Pero ahora era distinto. Ahora se estaba jugando el futuro de la Liga y de su equipo (por no hablar del suyo propio) y no era momento para florituras. Era mejor tirar a romper, olvidarse de la técnica y de lo que decía su madre y pegarle al balón con todas sus fuerzas para asegurarse al menos que nadie le diría nada. Porque, si el balón entraba, nadie se iba a fijar en si iba bien o mal tirado (lo importante es que había entrado) y, si no, daría lo mismo: la decepción iba a ser tan grande que durante toda su vida la seguiría recordando. Pero, al menos, nadie podría decirle que la había provocado él por quererse lucir en aquel trance.
No le dio tiempo a seguir pensando. De repente, Djukic oyó el silbato del árbitro y comprendió con angustia que el momento decisivo había llegado. Frente a él, la mancha azul del portero llenaba toda la portería (que hasta entonces le había parecido inmensa: siempre pasaba lo mismo) y a su lado ya no vio a nadie. Sólo otra mancha -la mancha negra del árbitro-, que esperaba también a su derecha, junto a la raya del área. Los demás: los jugadores de ambos equipos, el público, hasta los policías y los fotógrafos que hasta ese instante se amontonaban por centenares detrás de la portería habían desaparecido. En el estadio de Riazor -y en el mundo- sólo estaban ya él, el portero y el árbitro.
Djukic comenzó a correr sin saber todavía cómo tirar el penalty. Ya no podía pensar; ya era tarde para todo. Le dio al balón sin mirarlo, como si le pegara al aire (el aire que a él le faltaba), y durante unos segundos, que a él le parecieron eternos, larguísimos, interminables, miró cómo se alejaba en dirección a la portería donde la mancha azul del portero comenzaba lentamente a desplazarse. Ni siquiera vio adónde iba; no vio cómo lo paraba. Sólo vio que, de repente, el campo volvió a rugir, después de varios segundos mudo, y el portero del Valencia, que había vuelto a levantarse, comenzaba a correr ya dar saltos de alegría mientras sus compañeros de equipo corrían a abrazarlo. Había parado el penalty.

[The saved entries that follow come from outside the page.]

(* Let $P,R,Q$ be polytopes with $R\subset Q$, and let $m\ge2$. (a) If $f\in\operatorname{vert}(P,Q)$ and $f(P)\subset R$, then $f\in\operatorname{vert}(P,R)$. (b) If $P$ is centrally symmetric, $f\in\operatorname{vert}(\Diamond_m,P)$ and $f(0)$ is the center of $P$, then $f(\operatorname{vert}(\Diamond_m))\subset\operatorname{vert}(P)$. (c) If $f\in\operatorname{vert}(\Diamond_m,P)$, then $f(\operatorname{vert}(\Diamond_m))=\operatorname{vert}(f(\Diamond_m))\subset\operatorname{vert}\big(P\cap(2f(0)-P)\big)$.
   Context: For convex polytopes $P,Q$, $\operatorname{Hom}(P,Q)$ is the set of maps $P\to Q$ that are restrictions of affine maps $\operatorname{Aff}(P)\to\operatorname{Aff}(Q)$; it is a convex polytope in the affine space of affine maps $\operatorname{Aff}(P)\to\operatorname{Aff}(Q)$, and $\operatorname{vert}(P,Q)$ denotes its set of vertices. $\operatorname{vert}(X)$ denotes the vertex set of a polytope $X$. $\Diamond_m=\operatorname{conv}(\pm e_1,\ldots,\pm e_m)\subset\mathbb{R}^m$, and $2f(0)-P=\{2f(0)-x:x\in P\}$. *)

theory Defs
  imports "HOL-Analysis.Analysis"
begin

definition affine_map :: "('a::real_vector \<Rightarrow> 'b::real_vector) \<Rightarrow> bool" where
  "affine_map f \<longleftrightarrow> (\<exists>g b. linear g \<and> (\<forall>x. f x = g x + b))"

text \<open>Hom(P,Q): affine maps sending P into Q.  Two such maps represent the same
  element of Hom(P,Q) iff they agree on P (hence on Aff(P)).\<close>
definition hom_maps :: "'a::real_vector set \<Rightarrow> 'b::real_vector set \<Rightarrow> ('a \<Rightarrow> 'b) set" where
  "hom_maps P Q = {f. affine_map f \<and> f ` P \<subseteq> Q}"

definition vert_hom :: "'a::real_vector set \<Rightarrow> 'b::real_vector set \<Rightarrow> ('a \<Rightarrow> 'b) set" where
  "vert_hom P Q = {f. f \<in> hom_maps P Q \<and>
     (\<forall>g\<in>hom_maps P Q. \<forall>h\<in>hom_maps P Q. \<forall>u::real. 0 < u \<and> u < 1 \<and>
        (\<forall>x\<in>P. f x = (1 - u) *\<^sub>R g x + u *\<^sub>R h x) \<longrightarrow> (\<forall>x\<in>P. g x = h x))}"

definition vert :: "'a::real_vector set \<Rightarrow> 'a set" where
  "vert X = {x. x extreme_point_of X}"

definition diamond :: "(real^'m) set" where
  "diamond = convex hull ((\<lambda>i. axis i 1) ` UNIV \<union> (\<lambda>i. - axis i 1) ` UNIV)"

definition centrally_symmetric_about :: "'a::real_vector \<Rightarrow> 'a set \<Rightarrow> bool" where
  "centrally_symmetric_about c P \<longleftrightarrow> (\<forall>x\<in>P. 2 *\<^sub>R c - x \<in> P)"

end

theory Submission
  imports Defs
begin

text \<open>Let \<open>f\<close> be a vertex of \<open>Hom(\<Diamond>\<^sub>m, P)\<close> and \<open>v\<close> a vertex of \<open>\<Diamond>\<^sub>m\<close>.  Any
  \<open>a, c \<in> P \<inter> (2 f(0) - P)\<close> give maps \<open>f + \<langle>v, \<cdot>\<rangle> (a - f v)\<close> and \<open>f + \<langle>v, \<cdot>\<rangle> (c - f v)\<close>
  in \<open>Hom(\<Diamond>\<^sub>m, P)\<close>: they move only the opposite vertices \<open>\<plusminus>v\<close>, sending \<open>v\<close> to
  \<open>a\<close> (resp. \<open>c\<close>) and \<open>-v\<close> to \<open>2 f(0) - a \<in> P\<close>.  If \<open>f v\<close> lay in the open segment
  between \<open>a\<close> and \<open>c\<close>, \<open>f\<close> would be the corresponding proper convex combination of
  these two maps, so they coincide and \<open>a = c\<close>.  Hence \<open>f\<close> maps every vertex of
  \<open>\<Diamond>\<^sub>m\<close> to an extreme point of \<open>P \<inter> (2 f(0) - P)\<close>, which gives (c), and (b) is the
  case \<open>P = 2 f(0) - P\<close>.\<close>

lemma affine_map_iff_linear_diff:
  "affine_map f \<longleftrightarrow> linear (\<lambda>x. f x - f 0)"
proof
  assume "affine_map f"
  then obtain g b where "linear g" "\<And>x. f x = g x + b"
    unfolding affine_map_def by blast
  then show "linear (\<lambda>x. f x - f 0)"
    by (simp add: linear_0)
next
  assume "linear (\<lambda>x. f x - f 0)"
  then show "affine_map f"
    unfolding affine_map_def by (intro exI[of _ "\<lambda>x. f x - f 0"] exI[of _ "f 0"]) simp
qed

lemma affine_map_add_linear:
  assumes "affine_map f" and "linear h"
  shows "affine_map (\<lambda>x. f x + h x)"
proof -
  have "linear (\<lambda>x. (f x - f 0) + h x)"
    using assms by (intro linear_compose_add) (simp_all add: affine_map_iff_linear_diff)
  then show ?thesis
    using linear_0[OF assms(2)] by (simp add: affine_map_iff_linear_diff algebra_simps)
qed

lemma affine_map_reflect:
  assumes "affine_map f"
  shows "f (- x) = 2 *\<^sub>R f 0 - f x"
proof -
  have "f (- x) - f 0 = - (f x - f 0)"
    using assms linear_neg unfolding affine_map_iff_linear_diff by blast
  then show ?thesis
    by (simp add: scaleR_2 algebra_simps)
qed

lemma affine_map_image_convex_hull:
  assumes "affine_map f"
  shows "f ` (convex hull S) = convex hull (f ` S)"
proof -
  define g where "g x = f x - f 0" for x
  have "linear g"
    using assms unfolding g_def affine_map_iff_linear_diff .
  have f_eq: "f ` X = (+) (f 0) ` (g ` X)" for X
    by (auto simp: g_def image_iff)
  show ?thesis
    unfolding f_eq convex_hull_linear_image[OF \<open>linear g\<close>]
    by (rule convex_hull_translation[symmetric])
qed

lemma vert_hom_restrict_codomain:
  assumes "f \<in> vert_hom P Q" and "f ` P \<subseteq> R" and "R \<subseteq> Q"
  shows "f \<in> vert_hom P R"
proof -
  have "hom_maps P R \<subseteq> hom_maps P Q"
    using \<open>R \<subseteq> Q\<close> unfolding hom_maps_def by blast
  then show ?thesis
    using assms unfolding vert_hom_def hom_maps_def by blast
qed

lemma convex_Int_reflection:
  assumes "convex P"
  shows "convex (P \<inter> (\<lambda>x. 2 *\<^sub>R c - x) ` P)"
proof -
  have "(\<lambda>x. 2 *\<^sub>R c - x) ` P = (+) (2 *\<^sub>R c) ` uminus ` P"
    by (auto simp: image_iff)
  then show ?thesis
    using assms by (simp add: convex_Int convex_translation convex_negations)
qed

lemma centrally_symmetric_about_Int_reflection:
  assumes "centrally_symmetric_about c P"
  shows "P \<inter> (\<lambda>x. 2 *\<^sub>R c - x) ` P = P"
proof -
  have "x = 2 *\<^sub>R c - (2 *\<^sub>R c - x)" for x
    by simp
  then show ?thesis
    using assms unfolding centrally_symmetric_about_def by blast
qed

lemma vert_convex_hull_subset_vert:
  assumes "S \<subseteq> vert T" and "convex T"
  shows "vert (convex hull S) = S"
proof
  show "vert (convex hull S) \<subseteq> S"
    unfolding vert_def using extreme_point_of_convex_hull by blast
  have "S \<subseteq> T"
    using assms(1) unfolding vert_def extreme_point_of_def by blast
  then have "convex hull S \<subseteq> T"
    using \<open>convex T\<close> by (rule hull_minimal)
  then show "S \<subseteq> vert (convex hull S)"
    using assms(1) hull_subset[of S convex] unfolding vert_def extreme_point_of_def by blast
qed

definition diamond_vertices :: "(real^'m) set" where
  "diamond_vertices = range (\<lambda>i. axis i 1) \<union> range (\<lambda>i. - axis i 1)"

lemma diamond_eq_convex_hull_vertices: "diamond = convex hull diamond_vertices"
  unfolding diamond_def diamond_vertices_def ..

lemma diamond_vertices_subset_diamond: "diamond_vertices \<subseteq> diamond"
  unfolding diamond_eq_convex_hull_vertices by (rule hull_subset)

lemma finite_diamond_vertices: "finite diamond_vertices"
  unfolding diamond_vertices_def by simp

lemma uminus_in_diamond_vertices: "v \<in> diamond_vertices \<Longrightarrow> - v \<in> diamond_vertices"
  unfolding diamond_vertices_def by auto

lemma inner_diamond_vertices:
  assumes "v \<in> diamond_vertices" and "w \<in> diamond_vertices"
  shows "v \<bullet> w = (if w = v then 1 else if w = - v then -1 else 0)"
proof -
  have neg_axis: "- axis i (x::real) = axis i (- x)" for i x
    by (simp add: axis_def vec_eq_iff)
  show ?thesis
    using assms unfolding diamond_vertices_def
    by (auto simp: neg_axis inner_axis_axis axis_eq_axis)
qed

lemma vert_diamond: "vert diamond = diamond_vertices"
proof
  show "vert diamond \<subseteq> diamond_vertices"
    unfolding vert_def diamond_eq_convex_hull_vertices using extreme_point_of_convex_hull by blast
next
  show "diamond_vertices \<subseteq> vert diamond"
  proof
    fix v :: "real^'m"
    assume v: "v \<in> diamond_vertices"
    have "diamond_vertices - {v} \<subseteq> {x. v \<bullet> x \<le> 0}"
      using inner_diamond_vertices[OF v] by auto
    then have "convex hull (diamond_vertices - {v}) \<subseteq> {x. v \<bullet> x \<le> 0}"
      by (intro hull_minimal convex_halfspace_le)
    moreover have "v \<bullet> v = 1"
      using inner_diamond_vertices[OF v v] by simp
    ultimately have "v \<notin> convex hull (diamond_vertices - {v})"
      by auto
    then have "v extreme_point_of convex hull (insert v (diamond_vertices - {v}))"
      using finite_diamond_vertices by (intro extreme_point_of_convex_hull_insert) auto
    then show "v \<in> vert diamond"
      using v unfolding vert_def diamond_eq_convex_hull_vertices by (simp add: insert_absorb)
  qed
qed

lemma hom_maps_diamond_perturb_vertex:
  fixes f :: "real^'m \<Rightarrow> 'a::real_vector"
  assumes f: "f \<in> hom_maps diamond P" and "convex P" and v: "v \<in> diamond_vertices"
    and "f v + d \<in> P" and "f (- v) - d \<in> P"
  shows "(\<lambda>x. f x + (v \<bullet> x) *\<^sub>R d) \<in> hom_maps diamond P"
proof -
  let ?F = "\<lambda>x. f x + (v \<bullet> x) *\<^sub>R d"
  have "affine_map ?F"
  proof (rule affine_map_add_linear)
    show "affine_map f"
      using f unfolding hom_maps_def by blast
    show "linear (\<lambda>x. (v \<bullet> x) *\<^sub>R d)"
      by (rule linearI) (simp_all add: inner_add_right scaleR_add_left)
  qed
  have "?F w \<in> P" if w: "w \<in> diamond_vertices" for w
  proof -
    have "f w \<in> P"
      using f w diamond_vertices_subset_diamond unfolding hom_maps_def by blast
    then show ?thesis
      using assms inner_diamond_vertices[OF v w] by (auto simp: algebra_simps)
  qed
  then have "convex hull (?F ` diamond_vertices) \<subseteq> P"
    using \<open>convex P\<close> by (intro hull_minimal) auto
  then have "?F ` diamond \<subseteq> P"
    unfolding diamond_eq_convex_hull_vertices affine_map_image_convex_hull[OF \<open>affine_map ?F\<close>] .
  then show ?thesis
    using \<open>affine_map ?F\<close> unfolding hom_maps_def by blast
qed

lemma vert_hom_diamond_vertex_extreme:
  fixes f :: "real^'m \<Rightarrow> 'a::real_vector"
  assumes f: "f \<in> vert_hom diamond P" and "convex P" and v: "v \<in> diamond_vertices"
  shows "f v extreme_point_of (P \<inter> (\<lambda>x. 2 *\<^sub>R f 0 - x) ` P)"
proof -
  let ?T = "P \<inter> (\<lambda>x. 2 *\<^sub>R f 0 - x) ` P"
  define F where "F d x = f x + (v \<bullet> x) *\<^sub>R d" for d x
  have f_hom: "f \<in> hom_maps diamond P"
    using f unfolding vert_hom_def by blast
  then have "affine_map f"
    unfolding hom_maps_def by blast
  have f_reflect: "f (- v) = 2 *\<^sub>R f 0 - f v"
    using \<open>affine_map f\<close> by (rule affine_map_reflect)
  have f_in_P: "f w \<in> P" if "w \<in> diamond_vertices" for w
    using f_hom that diamond_vertices_subset_diamond unfolding hom_maps_def by blast
  have F_hom: "F (a - f v) \<in> hom_maps diamond P" if "a \<in> ?T" for a
  proof -
    obtain a' where "a' \<in> P" and "a = 2 *\<^sub>R f 0 - a'"
      using \<open>a \<in> ?T\<close> by blast
    then have "f (- v) - (a - f v) \<in> P"
      by (simp add: f_reflect)
    then show ?thesis
      unfolding F_def using \<open>a \<in> ?T\<close>
      by (intro hom_maps_diamond_perturb_vertex[OF f_hom \<open>convex P\<close> v]) auto
  qed
  have "f v \<notin> open_segment a c" if "a \<in> ?T" and "c \<in> ?T" for a c
  proof
    assume "f v \<in> open_segment a c"
    then obtain u where "a \<noteq> c" "0 < u" "u < 1" and fv: "f v = (1 - u) *\<^sub>R a + u *\<^sub>R c"
      by (auto simp: in_segment)
    have "(1 - u) *\<^sub>R (a - f v) + u *\<^sub>R (c - f v) = 0"
      using fv by (simp add: algebra_simps)
    moreover have "(1 - u) *\<^sub>R F (a - f v) x + u *\<^sub>R F (c - f v) x
        = f x + (v \<bullet> x) *\<^sub>R ((1 - u) *\<^sub>R (a - f v) + u *\<^sub>R (c - f v))" for x
      unfolding F_def by (simp add: algebra_simps)
    ultimately have "f x = (1 - u) *\<^sub>R F (a - f v) x + u *\<^sub>R F (c - f v) x" for x
      by simp
    then have "\<forall>x\<in>diamond. F (a - f v) x = F (c - f v) x"
      using f F_hom[OF \<open>a \<in> ?T\<close>] F_hom[OF \<open>c \<in> ?T\<close>] \<open>0 < u\<close> \<open>u < 1\<close>
      unfolding vert_hom_def by blast
    then have "F (a - f v) v = F (c - f v) v"
      using v diamond_vertices_subset_diamond by blast
    then show False
      using \<open>a \<noteq> c\<close> inner_diamond_vertices[OF v v] unfolding F_def by simp
  qed
  moreover have "f v \<in> ?T"
    using f_in_P[OF v] f_in_P[OF uminus_in_diamond_vertices[OF v]] f_reflect
    by (auto intro!: image_eqI[of _ _ "f (- v)"])
  ultimately show ?thesis
    unfolding extreme_point_of_def by blast
qed

lemma vert_hom_diamond_image_vertices:
  fixes f :: "real^'m \<Rightarrow> 'a::real_vector"
  assumes "f \<in> vert_hom diamond P" and "convex P"
  shows "f ` vert diamond \<subseteq> vert (P \<inter> (\<lambda>x. 2 *\<^sub>R f 0 - x) ` P)"
  using vert_hom_diamond_vertex_extreme[OF assms] unfolding vert_diamond unfolding vert_def by blast

theorem corollary3p2:
  fixes P :: "'a::euclidean_space set" and R Q :: "'b::euclidean_space set"
  assumes "polytope P" and "polytope R" and "polytope Q" and "R \<subseteq> Q"
    and "CARD('m::finite) \<ge> 2"
  shows "(\<forall>f. f \<in> vert_hom P Q \<and> f ` P \<subseteq> R \<longrightarrow> f \<in> vert_hom P R)
    \<and> (\<forall>f :: real^'m \<Rightarrow> 'a. f \<in> vert_hom diamond P \<and> centrally_symmetric_about (f 0) P
          \<longrightarrow> f ` vert diamond \<subseteq> vert P)
    \<and> (\<forall>f :: real^'m \<Rightarrow> 'a. f \<in> vert_hom diamond P
          \<longrightarrow> f ` vert diamond = vert (f ` diamond)
            \<and> vert (f ` diamond) \<subseteq> vert (P \<inter> (\<lambda>x. 2 *\<^sub>R f 0 - x) ` P))"
proof (intro conjI allI impI; (elim conjE)?)
  show "f \<in> vert_hom P R" if "f \<in> vert_hom P Q" and "f ` P \<subseteq> R" for f :: "'a \<Rightarrow> 'b"
    using that \<open>R \<subseteq> Q\<close> by (rule vert_hom_restrict_codomain)
  have "convex P"
    using \<open>polytope P\<close> by (rule polytope_imp_convex)
  fix f :: "real^'m \<Rightarrow> 'a"
  assume f: "f \<in> vert_hom diamond P"
  then have vert_image: "f ` vert diamond \<subseteq> vert (P \<inter> (\<lambda>x. 2 *\<^sub>R f 0 - x) ` P)"
    using \<open>convex P\<close> by (rule vert_hom_diamond_image_vertices)
  show "f ` vert diamond \<subseteq> vert P" if "centrally_symmetric_about (f 0) P"
    using vert_image unfolding centrally_symmetric_about_Int_reflection[OF that] .
  have "affine_map f"
    using f unfolding vert_hom_def hom_maps_def by blast
  then have "f ` diamond = convex hull (f ` vert diamond)"
    unfolding vert_diamond
    by (simp only: diamond_eq_convex_hull_vertices affine_map_image_convex_hull)
  then show image_vert: "f ` vert diamond = vert (f ` diamond)"
    using vert_convex_hull_subset_vert[OF vert_image convex_Int_reflection[OF \<open>convex P\<close>]] by simp
  show "vert (f ` diamond) \<subseteq> vert (P \<inter> (\<lambda>x. 2 *\<^sub>R f 0 - x) ` P)"
    using vert_image unfolding image_vert .
qed

end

Los compañeros de Djukic tardaron más en hacer lo mismo con él, pero él ni llegó a enterarse. Arrodillado en el césped, como un boxeador caído, sólo pensaba en huir de allí mientras se repetía a sí mismo, como cuando se mató su hermano, lo que su padre solía decir de la vida cuando la vida le golpeaba: tanta pasión para nada.